I care not for who's forsaken you, I want you; craved lust hasn't ever felt as dulcet as with you, Sacrosanct songbird of mine. Should I keep you caged within the confines of me, should I lull you into slumber each night? Shall I brand you my own into perpetuity? The timelessness of the feeling of your skin against my palm dips into my soul and it is my antidote, alleviation to all affliction. I never have sufficient amounts of you.
The sweet saccharin taste tinting your mouth from mine has rendered you breathless, has it not? Tell me, for I crave; tell me, for I ache. Won't you tell me now, my sweet devotion? I desire, drip and burn, ablaze with drop after drop of the poison I've elected to reign me, ruling every single inch of my body as his towers over. Completely unmade, I encounter a mirror carefully placed above me, fixated to the ceiling where I can see the entirety; the whole scene, a mess of tangled sheets and tangled limbs, onerous need of devouring each other, heavy breathing echoing. My hair, I found, is scattered over his chest and without any ado he flashes me the most gracious smile I have ever laid eyes upon. Just like this, I lose me. It had been a battle, you see; but I would have never succeeded. I would have never quenched my thirst for him, a wink of his doe eyes causing tremors at my very knees and I can swear for a lapse of moment in time that I will fall. I don't.

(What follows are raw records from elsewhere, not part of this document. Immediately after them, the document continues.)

lemma aleph_FGM_set_integral_eq:
  fixes n :: nat
  assumes FGM: "aleph_FGM M N X \<theta>" and int: "integrable M (X 1)"
  defines "u \<equiv> cdfN M N n" and "v \<equiv> measure M {\<omega>\<in>space M. N \<omega> < n}"
  shows "(\<integral>\<omega>\<in>{\<omega>\<in>space M. N \<omega> = n}. X 1 \<omega> \<partial>M)
      = (u - v) * integral\<^sup>L M (X 1)
        - \<theta> 1 {0, 1} * (u * (1 - u) - v * (1 - v)) * (integral\<^sup>L M (X 1) - mu_ord M (X 1) 1)"
proof -
  interpret prob_space M using aleph_FGM_D[OF FGM] by simp
  note [measurable] = aleph_FGM_D(2,3)[OF FGM] aleph_FGM_D(3)[OF FGM, simplified]
  define A where "A = {\<omega>\<in>space M. N \<omega> = n}"
  define c where "c = \<theta> 1 {0, 1} * (u * (1 - u) - v * (1 - v))"
  let ?S = "survival M (X 1)"
  note nonneg = aleph_FGM_D(4)[OF FGM]
  have "survival M (\<lambda>\<omega>. indicator A \<omega> *\<^sub>R X 1 \<omega>) t = (u - v) * ?S t - c * (?S t - ?S t ^ 2)"
    if "0 \<le> t" for t
  proof -
    have "{\<omega>\<in>space M. t < indicator A \<omega> *\<^sub>R X 1 \<omega>} = {\<omega>\<in>space M. N \<omega> = n \<and> t < X 1 \<omega>}"
      using that by (auto simp: A_def indicator_def)
    then have "survival M (\<lambda>\<omega>. indicator A \<omega> *\<^sub>R X 1 \<omega>) t
        = measure M {\<omega>\<in>space M. N \<omega> = n \<and> t < X 1 \<omega>}"
      by (simp only: survival_def)
    also have "\<dots> = (u - v) * ?S t - c * (?S t - ?S t ^ 2)"
      unfolding aleph_FGM_measure_eq_greater[OF FGM] u_def v_def c_def
      by (simp add: algebra_simps power2_eq_square)
    finally show ?thesis .
  qed
  then have "(\<lambda>t. indicator {0..} t * survival M (\<lambda>\<omega>. indicator A \<omega> *\<^sub>R X 1 \<omega>) t)
      = (\<lambda>t. (u - v) * (indicator {0..} t * ?S t)
          - c * (indicator {0..} t * ?S t - indicator {0..} t * ?S t ^ 2))"
    by (auto simp: indicator_def algebra_simps)
  moreover have "(\<integral>\<omega>\<in>A. X 1 \<omega> \<partial>M)
      = (\<integral>t. indicator {0..} t * survival M (\<lambda>\<omega>. indicator A \<omega> *\<^sub>R X 1 \<omega>) t \<partial>lborel)"
    unfolding set_lebesgue_integral_def
    by (intro integral_eq_integral_survival) (use nonneg in \<open>auto simp: A_def\<close>)
  ultimately show ?thesis
    unfolding integral_eq_integral_survival[OF aleph_FGM_D(3)[OF FGM] nonneg]
      mu_ord_min_eq_integral_survival[OF prob_space_axioms aleph_FGM_D(3)[OF FGM] nonneg]
    using integrable_survival[OF int] integrable_survival_power2[OF int]
    by (simp add: A_def c_def)
qed

lemma sum_pairs_01:
  fixes g :: "nat \<times> nat \<Rightarrow> real"
  shows "(\<Sum>p \<in> {0, 1} \<times> {0, 1}. g p) = g (0, 0) + g (0, 1) + g (1, 0) + g (1, 1)"
proof -
  have "{0, 1::nat} \<times> {0, 1::nat} = {(0, 0), (0, 1), (1, 0), (1, 1)}" by auto
  then show ?thesis by simp
qed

My sweet rose, plucked of thorns, oh how I wish to see you. To consume your divine innocence, to watch as the red wool of passion, pulled over thy eyes, blind such silver-tressed mendacity from you; yet, mundane blindfolds hide you from me. The very beat of my mortal heart quickens at brief glimpses of the pestilence that has overcome you. You stare, awestruck, my skin reeks of thunder at the faintest lick of your fingertips. Like candlelight in wind, I hear your heart waver. Billow and bend, with each and every deviation, my lungs fill with morsels of your beloved words. A nicotine irresistible. My soul counterpart, a servant to my blessed sacrifices, my glorious sin. Appetent hands reach for you, Sanskrit boils in your veins, holy fire, hell fire left in kisses between my thighs. Silver-tongued hymns cascading from your lips, a saint and a devil—handcrafted by God, stolen from the very hands of your creator. I care not for me who has so easily purloined you, I hunger for you; craved lust hasn’t ever felt as carnal as with you, half-devoured Venus of mine. Cage me, clip my wings, but you shall never confine me. A breath of everlasting sensuality, skin against skin, our corrupted souls dancing as one. 
I never have sufficient amounts of you.